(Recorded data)
Start of Block
text \<open>Consequently the Lebesgue measure of the set of levels with a \<open>\<gamma>\<close>-gap is at most
  \<open>d(p, \<phi>(q)) / ((1 - e\<^sup>-\<^sup>\<gamma>) \<epsilon>)\<close>: it vanishes unless that ratio is at least 1.\<close>
lemma cfun_gap_measure_le:
  fixes p :: "'y::countable pmf" and q :: "'z::countable pmf"
  assumes "0 < \<epsilon>" "\<epsilon> < 1" "0 < \<gamma>"
  shows "measure lborel {\<delta> \<in> {0..<1 - \<epsilon>}. cfun q (\<delta> + \<epsilon>) - cfun p \<delta> < - \<gamma>}
           \<le> var_dist p (map_pmf \<phi> q) / ((1 - exp (- \<gamma>)) * \<epsilon>)"
    (is "measure lborel ?S \<le> ?d / ?c")
proof (cases "?S = {}")
  case True
  have "0 \<le> ?d / ?c"
    using assms by (intro divide_nonneg_nonneg mult_nonneg_nonneg var_dist_nonneg) auto
  then show ?thesis by (simp only: True measure_empty)
next
  case False
  then obtain \<delta> where "0 \<le> \<delta>" "\<delta> < 1 - \<epsilon>" "cfun q (\<delta> + \<epsilon>) - cfun p \<delta> < - \<gamma>" by auto
  then have "?c \<le> ?d" using assms by (intro var_dist_ge_of_cfun_gap) auto
  then have "1 \<le> ?d / ?c" using assms by simp
  moreover have "measure lborel ?S \<le> 1"
  proof (cases "?S \<in> sets lborel")
    case True
    have "{0..<1 - \<epsilon>} \<in> fmeasurable lborel"
      using assms by (simp add: fmeasurable_def emeasure_lborel_Ico)
    then have "measure lborel ?S \<le> measure lborel {0..<1 - \<epsilon>}"
      using True by (intro measure_mono_fmeasurable) auto
    then show ?thesis using assms by simp
  qed (simp add: measure_notin_sets)
  ultimately show ?thesis by linarith
qed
End of Block
The answer is the line holding "(intro var_dist_ge_of_cfun_gap) auto" and all the lines after it through the end of the records, repeated exactly.

TASK SOLUTION -
  then have "?c \<le> ?d" using assms by (intro var_dist_ge_of_cfun_gap) auto
  then have "1 \<le> ?d / ?c" using assms by simp
  moreover have "measure lborel ?S \<le> 1"
  proof (cases "?S \<in> sets lborel")
    case True
    have "{0..<1 - \<epsilon>} \<in> fmeasurable lborel"
      using assms by (simp add: fmeasurable_def emeasure_lborel_Ico)
    then have "measure lborel ?S \<le> measure lborel {0..<1 - \<epsilon>}"
      using True by (intro measure_mono_fmeasurable) auto
    then show ?thesis using assms by simp
  qed (simp add: measure_notin_sets)
  ultimately show ?thesis by linarith
qed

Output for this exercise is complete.